Reggie Stephens

No. 46, 28, 29, 34
- Position: Cornerback

Personal information
- Born: February 21, 1975 (age 51) Shreveport, Louisiana, U.S.
- Listed height: 5 ft 10 in (1.78 m)
- Listed weight: 200 lb (91 kg)

Career information
- High school: Santa Cruz (Santa Cruz, California)
- College: Rutgers
- NFL draft: 1999: undrafted

Career history
- New York Giants (1999–2000); Kansas City Chiefs (2002)*; New York Giants (2002); (2003); Denver Broncos (2004)*; Nashville Kats (2005–2006);
- * Offseason and/or practice squad member only
- Stats at Pro Football Reference

= Reggie Stephens (cornerback) =

American football player (born 1975)

Reggie Stephens (born February 21, 1975) is an American former professional football player who was a cornerback in the National Football League (NFL) and in the Arena Football League (AFL). He played college football for the Rutgers Scarlet Knights.

==Early life==
Stephens was born in Shreveport, Louisiana. At age 15, he moved to Santa Cruz, California, where he attended Santa Cruz High School and played high school football with Brendon Ayanbadejo. Stephens also competed in the boy's 100- and 200-meter dash, long jump, and 400-meter relay at Santa Cruz High. Stephens is now listed in the Santa Cruz High School Athletics Hall of Fame and Scott’s Valley High for his achievements in these sports and coaching

==College career==
After graduating from Santa Cruz High, Stephens played junior college football at Cabrillo College in Aptos, California. He was then accepted to Rutgers University–New Brunswick, where he played college football for the Rutgers Scarlet Knights.
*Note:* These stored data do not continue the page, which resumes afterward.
lemma in_x_ideal_tilde:
  fixes B :: "nat \<Rightarrow> 'a::field mpoly"
  assumes "bilinear_seq nx ny m B" "i < m"
  shows "in_x_ideal (tilde B i)"
  unfolding in_x_ideal_def
proof
  fix \<kappa>
  assume "\<kappa> \<in> Poly_Mapping.keys (tilde B i)"
  then obtain p q where "\<kappa> = Poly_Mapping.single (X p) 1 + Poly_Mapping.single (Y q) 1"
    using keys_quad_part_bilinear[of nx ny "B i"] assms unfolding bilinear_seq_def tilde_def by blast
  then have "X p \<in> Poly_Mapping.keys \<kappa>"
    by (simp add: in_keys_iff lookup_add)
  then show "\<exists>i. X i \<in> Poly_Mapping.keys \<kappa>" ..
qed

lemma y_homog_in_x_ideal_eq_0:
  assumes "y_homog ny e p" "in_x_ideal p"
  shows "p = 0"
proof -
  have "\<kappa> \<notin> Poly_Mapping.keys p" for \<kappa>
  proof
    assume \<kappa>: "\<kappa> \<in> Poly_Mapping.keys p"
    with assms(2) obtain i where "X i \<in> Poly_Mapping.keys \<kappa>"
      unfolding in_x_ideal_def by blast
    moreover have "Poly_Mapping.keys \<kappa> \<subseteq> Y ` {..<ny}"
      using assms(1) \<kappa> unfolding y_homog_def y_monoms_def by blast
    ultimately show False
      by blast
  qed
  then show ?thesis
    by (metis keys_eq_empty all_not_in_conv)
qed

lemma trivial_syzygy_iff_zero_if_y_homog:
  fixes B G :: "nat \<Rightarrow> 'a::field mpoly"
  assumes "bilinear_seq nx ny m B" "\<forall>i<m. y_homog ny e (G i)"
  shows "trivial_syzygy m (tilde B) G \<longleftrightarrow> (\<forall>i<m. G i = 0)"
proof
  assume "trivial_syzygy m (tilde B) G"
  then obtain h where h: "\<forall>k<m. G k = (\<Sum>i<k. h i k * tilde B i) - (\<Sum>j\<in>{k<..<m}. h k j * tilde B j)"
    unfolding trivial_syzygy_def by blast
  have "in_x_ideal (G k)" if "k < m" for k
    unfolding h[rule_format, OF that] using assms(1) that
    by (intro in_x_ideal_diff in_x_ideal_sum in_x_ideal_mult_left in_x_ideal_tilde[OF assms(1)]) auto
  with assms(2) show "\<forall>i<m. G i = 0"
    using y_homog_in_x_ideal_eq_0 by blast
next
  assume "\<forall>i<m. G i = 0"
  then show "trivial_syzygy m (tilde B) G"
    unfolding trivial_syzygy_def by (intro exI[of _ "\<lambda>_ _. 0"]) simp
qed
lemma eq_extremal_family_if_card_eq:
  assumes card_eq: "card F = 2 ^ (card U - 1) + card U - 1"
  obtains x where "x \<in> U" "F = extremal_family U x"
proof -
  obtain x where x: "x \<in> U" and x_common: "\<forall>A\<in>F. \<forall>a\<in>A. \<forall>b\<in>A. a \<noteq> b \<longrightarrow> x \<in> A"
    using common_point_of_non_singletons[OF complete_if_card_eq[OF card_eq]] by blast
  have "F \<subseteq> extremal_family U x"
  proof
    fix A assume A: "A \<in> F"
    then obtain a where "a \<in> A" using empty_notin by (metis ex_in_conv)
    show "A \<in> extremal_family U x"
    proof (cases "x \<in> A \<or> A = {a}")
      case True
      then show ?thesis using A \<open>a \<in> A\<close> member_subset unfolding extremal_family_def by blast
    next
      case False
      then show ?thesis using A \<open>a \<in> A\<close> x_common by blast
    qed
  qed
  moreover have "finite (extremal_family U x)"
    using finite_subset[of "extremal_family U x" "Pow U"] finite_ground
    by (auto simp: extremal_family_def)
  moreover have "card (extremal_family U x) = card F"
    using card_extremal_family[OF finite_ground x] card_eq by simp
  ultimately have "F = extremal_family U x"
    by (intro card_seteq) simp_all
  with x show ?thesis by (rule that)
qed

end

section \<open>Maximal independent sets\<close>

lemma independent_set_extends_to_maximal:
  assumes "simple_graph V E" and "independent_set V E S"
  shows "\<exists>M. maximal_independent_set V E M \<and> S \<subseteq> M"
proof -
  define C where "C = {T. independent_set V E T \<and> S \<subseteq> T}"
  have "C \<subseteq> Pow V" unfolding C_def independent_set_def by blast
  moreover have "finite V" using assms(1) unfolding simple_graph_def by blast
  ultimately have "finite C" by (meson finite_Pow_iff finite_subset)
  moreover have "C \<noteq> {}" using assms(2) unfolding C_def by blast
  ultimately obtain M where "M \<in> C" and M_max: "\<forall>T\<in>C. M \<subseteq> T \<longrightarrow> M = T"
    using finite_has_maximal by blast
  then have "maximal_independent_set V E M"
    unfolding maximal_independent_set_def C_def by auto
  with \<open>M \<in> C\<close> show ?thesis unfolding C_def by blast
qed

definition mis_containing :: "'a set \<Rightarrow> ('a \<Rightarrow> 'a \<Rightarrow> bool) \<Rightarrow> 'a \<Rightarrow> 'a set set" where
  "mis_containing V E v = {M. maximal_independent_set V E M \<and> v \<in> M}"

lemma adjacent_iff_disjoint_mis_containing:
  assumes "simple_graph V E" and "u \<in> V" and "v \<in> V"
  shows "E u v \<longleftrightarrow> mis_containing V E u \<inter> mis_containing V E v = {}"
proof
  assume "E u v"
  then show "mis_containing V E u \<inter> mis_containing V E v = {}"
    unfolding mis_containing_def maximal_independent_set_def independent_set_def by blast
next
  assume disjoint: "mis_containing V E u \<inter> mis_containing V E v = {}"
  show "E u v"
  proof (rule ccontr)
    assume "\<not> E u v"
    then have "independent_set V E {u, v}"
      using assms unfolding simple_graph_def independent_set_def by blast
    then obtain M where "maximal_independent_set V E M" "{u, v} \<subseteq> M"
      using independent_set_extends_to_maximal[OF assms(1)] by blast
    then show False using disjoint unfolding mis_containing_def by blast
  qed
qed

lemma mis_containing_nonempty:
  assumes "simple_graph V E" and "v \<in> V"
  shows "mis_containing V E v \<noteq> {}"
  using adjacent_iff_disjoint_mis_containing[OF assms assms(2)] assms(1)
  unfolding simple_graph_def by auto

lemma inj_on_mis_containing:
  assumes "simple_graph V E" and "twin_free V E"
  shows "inj_on (mis_containing V E) V"
proof (rule inj_onI)
  fix u v assume "u \<in> V" "v \<in> V" "mis_containing V E u = mis_containing V E v"
  then have "nbhd V E u = nbhd V E v"
    using adjacent_iff_disjoint_mis_containing[OF assms(1)] unfolding nbhd_def by auto
  then show "u = v" using assms(2) \<open>u \<in> V\<close> \<open>v \<in> V\<close> unfolding twin_free_def by blast
qed

lemma helly_family_mis_containing:
  assumes "simple_graph V E"
  shows "helly_family {M. maximal_independent_set V E M} (mis_containing V E ` V)"
proof
  have "{M. maximal_independent_set V E M} \<subseteq> Pow V"
    unfolding maximal_independent_set_def independent_set_def by blast
  then show "finite {M. maximal_independent_set V E M}"
    using assms unfolding simple_graph_def by (metis finite_Pow_iff finite_subset)
next
  show "A \<subseteq> {M. maximal_independent_set V E M}" if "A \<in> mis_containing V E ` V" for A
    using that unfolding mis_containing_def by blast
next
  show "{} \<notin> mis_containing V E ` V"
    using mis_containing_nonempty[OF assms] by (metis imageE)
next
  fix I assume I: "I \<subseteq> mis_containing V E ` V" and pairwise: "\<forall>A\<in>I. \<forall>B\<in>I. A \<inter> B \<noteq> {}"
  define J where "J = {v \<in> V. mis_containing V E v \<in> I}"
  have "independent_set V E J"
    unfolding independent_set_def J_def
    using pairwise adjacent_iff_disjoint_mis_containing[OF assms] by blast
  then obtain M where M: "maximal_independent_set V E M" "J \<subseteq> M"
    using independent_set_extends_to_maximal[OF assms] by blast
  have "\<forall>A\<in>I. M \<in> A"
  proof
    fix A assume "A \<in> I"
    then obtain v where "v \<in> J" "A = mis_containing V E v" using I unfolding J_def by auto
    then show "M \<in> A" using M unfolding mis_containing_def by blast
  qed
  with M(1) show "\<exists>M\<in>{M. maximal_independent_set V E M}. \<forall>A\<in>I. M \<in> A" by blast
qed

lemma graph_iso_disjointness_mis_containing:
  assumes "simple_graph V E" and "twin_free V E"
  shows "graph_iso V E (mis_containing V E ` V) (\<lambda>A B. A \<inter> B = {})"
  using inj_on_mis_containing[OF assms] adjacent_iff_disjoint_mis_containing[OF assms(1)]
  unfolding graph_iso_def bij_betw_def by blast

theorem corollary2p10:
  fixes V :: "'a set" and E :: "'a \<Rightarrow> 'a \<Rightarrow> bool" and k :: nat
  assumes "k \<ge> 2"
    and "simple_graph V E"
    and "twin_free V E"
    and "i_max V E = k"
  shows "card V \<le> 2 ^ (k - 1) + k - 1 \<and>
         (card V = 2 ^ (k - 1) + k - 1 \<longrightarrow> graph_iso V E (ext_V k) (ext_E k))"
proof -
  let ?MIS = "{M. maximal_independent_set V E M}" and ?\<sigma> = "mis_containing V E"
  interpret helly_family ?MIS "?\<sigma> ` V"
    by (rule helly_family_mis_containing[OF assms(2)])
  have card_V: "card (?\<sigma> ` V) = card V"
    using card_image[OF inj_on_mis_containing[OF assms(2,3)]] .
  have card_MIS: "card ?MIS = k" using assms(4) unfolding i_max_def .
  have "card V \<le> 2 ^ (k - 1) + k - 1" using card_le card_V card_MIS by simp
  moreover have "graph_iso V E (ext_V k) (ext_E k)" if "card V = 2 ^ (k - 1) + k - 1"
  proof -
    have "card (?\<sigma> ` V) = 2 ^ (card ?MIS - 1) + card ?MIS - 1"
      using that card_V card_MIS by simp
    then obtain x where "x \<in> ?MIS" "?\<sigma> ` V = extremal_family ?MIS x"
      by (rule eq_extremal_family_if_card_eq)
    then have "graph_iso (ext_V k) (ext_E k) (?\<sigma> ` V) (\<lambda>A B. A \<inter> B = {})"
      using graph_iso_ext_extremal_family[OF finite_ground _ card_MIS] by simp
    then show ?thesis
      using graph_iso_trans[OF graph_iso_disjointness_mis_containing[OF assms(2,3)] graph_iso_sym]
      by blast
  qed
  ultimately show ?thesis by blast
qed

end
lemma wsize_le_norm2:
  assumes "sorted_wrt (\<ge>) l"
  shows "wsize l \<le> norm2 l"
proof -
  have "wsize l = (\<Sum>k<length l. \<Sum>m<length l. l ! (max k m))"
    by (simp add: sum_sum_max wsize_def)
  also have "\<dots> \<le> norm2 l"
    unfolding norm2_eq_sum_min
  proof (intro sum_mono)
    fix k m assume "k \<in> {..<length l}" "m \<in> {..<length l}"
    then show "l ! max k m \<le> max 0 (min (l ! k) (l ! m))"
      using assms by (cases k m rule: linorder_cases) (auto simp: sorted_wrt_iff_nth_less)
  qed
  finally show ?thesis .
qed

section \<open>Sorting the shifted sequence\<close>

lemma length_shiftI [simp]: "length (shiftI a) = length a"
  by (simp add: shiftI_def)

lemma shiftI_nth: "k < length a \<Longrightarrow> shiftI a ! k = a ! k - int (k + 1)"
  by (simp add: shiftI_def)

lemma length_psi [simp]: "length (psi a) = length a"
  by (simp add: psi_def)

lemma psi_nth: "k < length a \<Longrightarrow> psi a ! k = rev (sort (shiftI a)) ! k + int (k + 1)"
  by (simp add: psi_def)

lemma sorted_greater_rev_sort:
  fixes xs :: "'a::linorder list"
  assumes "distinct xs"
  shows "sorted_wrt (>) (rev (sort xs))"
proof -
  have "sorted_wrt (<) (sort xs)" using assms by (simp add: strict_sorted_iff)
  then show ?thesis by (simp add: sorted_wrt_rev)
qed

lemma sorted_greater_nth_gap:
  fixes xs :: "int list"
  assumes "sorted_wrt (>) xs" "k \<le> m" "m < length xs"
  shows "xs ! m + int (m - k) \<le> xs ! k"
  using assms(2,3)
proof (induction m rule: dec_induct)
  case (step m)
  have "xs ! Suc m < xs ! m" using assms(1) step by (simp add: sorted_wrt_iff_nth_less)
  then show ?case using step by (simp add: of_nat_diff)
qed simp

lemma sorted_psi:
  assumes "distinct (shiftI a)"
  shows "sorted_wrt (\<ge>) (psi a)"
  unfolding sorted_wrt_iff_nth_less
proof (intro allI impI)
  fix k m assume "k < m" "m < length (psi a)"
  then show "psi a ! m \<le> psi a ! k"
    using sorted_greater_nth_gap[OF sorted_greater_rev_sort[OF assms], of k m]
    by (simp add: psi_nth of_nat_diff)
qed

lemma sorted_greater_shiftI:
  assumes "sorted_wrt (\<ge>) a"
  shows "sorted_wrt (>) (shiftI a)"
  unfolding sorted_wrt_iff_nth_less
proof (intro allI impI)
  fix i j assume "i < j" "j < length (shiftI a)"
  moreover from this have "a ! j \<le> a ! i" using assms by (simp add: sorted_wrt_iff_nth_less)
  ultimately show "shiftI a ! j < shiftI a ! i" by (simp add: shiftI_nth)
qed

lemma psi_eq_self:
  assumes "sorted_wrt (\<ge>) a"
  shows "psi a = a"
proof -
  have "sorted_wrt (<) (rev (shiftI a))"
    using sorted_greater_shiftI[OF assms] by (simp add: sorted_wrt_rev)
  then have "sort (shiftI a) = rev (shiftI a)"
    by (intro sorted_distinct_set_unique) (auto simp: strict_sorted_iff)
  then show ?thesis by (intro nth_equalityI) (simp_all add: psi_nth shiftI_nth)
qed

lemma card_greater_sorted_greater:
  fixes xs :: "'a::linorder list"
  assumes "sorted_wrt (>) xs" "k < length xs"
  shows "card {l. l < length xs \<and> xs ! l > xs ! k} = k"
proof -
  have "{l. l < length xs \<and> xs ! l > xs ! k} = {..<k}"
  proof (intro set_eqI iffI)
    fix l assume l: "l \<in> {l. l < length xs \<and> xs ! l > xs ! k}"
    then have "\<not> k < l" "k \<noteq> l"
      using sorted_wrt_nth_less[OF assms(1), of k l] by auto
    then show "l \<in> {..<k}" by simp
  qed (use assms in \<open>auto simp: sorted_wrt_iff_nth_less\<close>)
  then show ?thesis by simp
qed

lemma card_greater_set_eq_card_greater_nth:
  assumes "distinct xs" "k < length xs"
  shows "card {y \<in> set xs. y > xs ! k} = card {l. l < length xs \<and> xs ! l > xs ! k}"
proof -
  have "{y \<in> set xs. y > xs ! k} = nth xs ` {l. l < length xs \<and> xs ! l > xs ! k}"
    by (auto simp: in_set_conv_nth)
  moreover have "inj_on (nth xs) {l. l < length xs \<and> xs ! l > xs ! k}"
    using assms by (auto simp: inj_on_def nth_eq_iff_index_eq)
  ultimately show ?thesis by (simp add: card_image)
qed

lemma sum_nth_distinct:
  assumes "distinct xs"
  shows "(\<Sum>k<length xs. f (xs ! k)) = (\<Sum>x\<in>set xs. f x)"
  using assms by (simp add: sum.distinct_set_conv_list sum_list_sum_nth atLeast0LessThan)

lemma rank_minus_index_mult:
  fixes s :: "nat \<Rightarrow> int"
  assumes inj: "inj_on s {..<n}" and k: "k < n"
  shows "(int (card {l. l < n \<and> s l > s k}) - int k) * s k =
      (\<Sum>l<n. if k < l \<and> s k < s l then s k else 0) - (\<Sum>l<n. if l < k \<and> s l < s k then s k else 0)"
proof -
  have "{l. l < n \<and> l < k} = {..<k}" using k by auto
  then have k_count: "int k = (\<Sum>l<n. if l < k then 1 else 0)"
    using int_card_filter_lessThan[of n "\<lambda>l. l < k"] by simp
  have "(int (card {l. l < n \<and> s l > s k}) - int k) * s k =
      (\<Sum>l<n. ((if s l > s k then 1 else 0) - (if l < k then 1 else 0)) * s k)"
    unfolding int_card_filter_lessThan k_count by (simp only: sum_subtractf[symmetric] sum_distrib_right)
  also have "\<dots> = (\<Sum>l<n. (if k < l \<and> s k < s l then s k else 0) - (if l < k \<and> s l < s k then s k else 0))"
  proof (intro sum.cong refl)
    fix l assume l: "l \<in> {..<n}"
    show "((if s l > s k then 1 else 0) - (if l < k then 1 else 0)) * s k =
          (if k < l \<and> s k < s l then s k else 0) - (if l < k \<and> s l < s k then s k else 0)"
    proof (cases "l = k")
      case False
      then have "s l \<noteq> s k" using inj l k by (auto simp: inj_on_def)
      then show ?thesis using False by (auto simp: not_less_iff_gr_or_eq)
    qed simp
  qed
  finally show ?thesis by (simp add: sum_subtractf)
qed

text \<open>Placing the values \<open>s k\<close> in decreasing order moves each one to the position given by
  its rank; every increasing pair \<open>s i < s j\<close> with \<open>i < j\<close> then changes the weighted sum
  by \<open>2 (s j - s i)\<close>.\<close>

lemma sum_rank_weighted:
  fixes s :: "nat \<Rightarrow> int"
  assumes inj: "inj_on s {..<n}"
  shows "(\<Sum>k<n. (2 * int (card {l. l < n \<and> s l > s k}) + 1) * s k)
       = (\<Sum>k<n. (2 * int k + 1) * s k)
         - 2 * (\<Sum>i<n. \<Sum>j<n. if i < j \<and> s i < s j then s j - s i else 0)"
proof -
  have "(\<Sum>k<n. (2 * int (card {l. l < n \<and> s l > s k}) + 1) * s k) - (\<Sum>k<n. (2 * int k + 1) * s k)
      = 2 * (\<Sum>k<n. (int (card {l. l < n \<and> s l > s k}) - int k) * s k)"
    by (simp add: sum_subtractf[symmetric] sum_distrib_left algebra_simps)
  also have "\<dots> = 2 * ((\<Sum>i<n. \<Sum>j<n. if i < j \<and> s i < s j then s i else 0)
                     - (\<Sum>k<n. \<Sum>l<n. if l < k \<and> s l < s k then s k else 0))"
    using rank_minus_index_mult[OF inj] by (simp add: sum_subtractf)
  also have "(\<Sum>k<n. \<Sum>l<n. if l < k \<and> s l < s k then s k else 0)
           = (\<Sum>i<n. \<Sum>j<n. if i < j \<and> s i < s j then s j else 0)"
    by (rule sum.swap)
  also have "(\<Sum>i<n. \<Sum>j<n. if i < j \<and> s i < s j then s i else 0)
             - (\<Sum>i<n. \<Sum>j<n. if i < j \<and> s i < s j then s j else 0)
           = - (\<Sum>i<n. \<Sum>j<n. if i < j \<and> s i < s j then s j - s i else 0)"
    by (simp add: sum_subtractf[symmetric] sum_negf[symmetric] if_distrib cong: if_cong)
  finally show ?thesis by simp
qed

definition inv_gap :: "int list \<Rightarrow> int" where
  "inv_gap a = (\<Sum>i<length a. \<Sum>j<length a.
     if i < j \<and> shiftI a ! i < shiftI a ! j then shiftI a ! j - shiftI a ! i else 0)"

lemma int_inv_count:
  "int (inv_count a) = (\<Sum>i<length a. \<Sum>j<length a. if i < j \<and> shiftI a ! i < shiftI a ! j then 1 else 0)"
  unfolding inv_count_def by (rule int_card_pairs_less)

lemma sum_increasing_pairs_two_blocks:
  fixes s :: "nat \<Rightarrow> int" and f :: "nat \<Rightarrow> nat \<Rightarrow> int"
  assumes first: "\<And>i j. i < j \<Longrightarrow> j < m \<Longrightarrow> s j \<le> s i"
    and second: "\<And>i j. m \<le> i \<Longrightarrow> i < j \<Longrightarrow> j < m + n \<Longrightarrow> s j \<le> s i"
  shows "(\<Sum>i<m + n. \<Sum>j<m + n. if i < j \<and> s i < s j then f i j else 0)
       = (\<Sum>i<m. \<Sum>j<n. if s i < s (m + j) then f i (m + j) else 0)"
proof -
  let ?g = "\<lambda>i j. if i < j \<and> s i < s j then f i j else 0"
  have within_first: "(\<Sum>j<m. ?g i j) = 0" if "i < m" for i
    using first that by (intro sum.neutral) force
  have within_second: "(\<Sum>j<m. ?g (m + i) j) + (\<Sum>j<n. ?g (m + i) (m + j)) = 0" for i
  proof -
    have "\<not> (i < j \<and> s (m + i) < s (m + j))" if "j < n" for j
      using second[of "m + i" "m + j"] that by auto
    then have "(\<Sum>j<n. ?g (m + i) (m + j)) = 0" by (intro sum.neutral) auto
    then show ?thesis by simp
  qed
  have "(\<Sum>i<m + n. \<Sum>j<m + n. ?g i j)
      = (\<Sum>i<m. (\<Sum>j<m. ?g i j) + (\<Sum>j<n. ?g i (m + j)))
        + (\<Sum>i<n. (\<Sum>j<m. ?g (m + i) j) + (\<Sum>j<n. ?g (m + i) (m + j)))"
    by (simp only: sum_lessThan_add)
  also have "\<dots> = (\<Sum>i<m. \<Sum>j<n. ?g i (m + j))"
    using within_first within_second by simp
  finally show ?thesis by simp
qed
In his senior year, Stephens won the Homer Hazel Trophy, as MVP of the 1998 Rutgers Scarlet Knights football team, and was named First Team All-Big East by The Football News. He played in the East–West Shrine Bowl in January 1999 at Stanford Stadium.

==Professional career==
Stephens played for the NFL's New York Giants between 1999 and 2003. During his second season, in 2000, he recorded three interceptions and was a standout special teams player, helping the Giants reach Super Bowl XXXV.

== After Football ==

After he retired from playing, Stephens became a youth sports advocate. In 2017 he returned to Santa Cruz and founded the Reggie Stephens Foundation. The foundation trains boys and girls in baseketball and football. Stephens has also been an advisor to the Golden State Storm women's football team.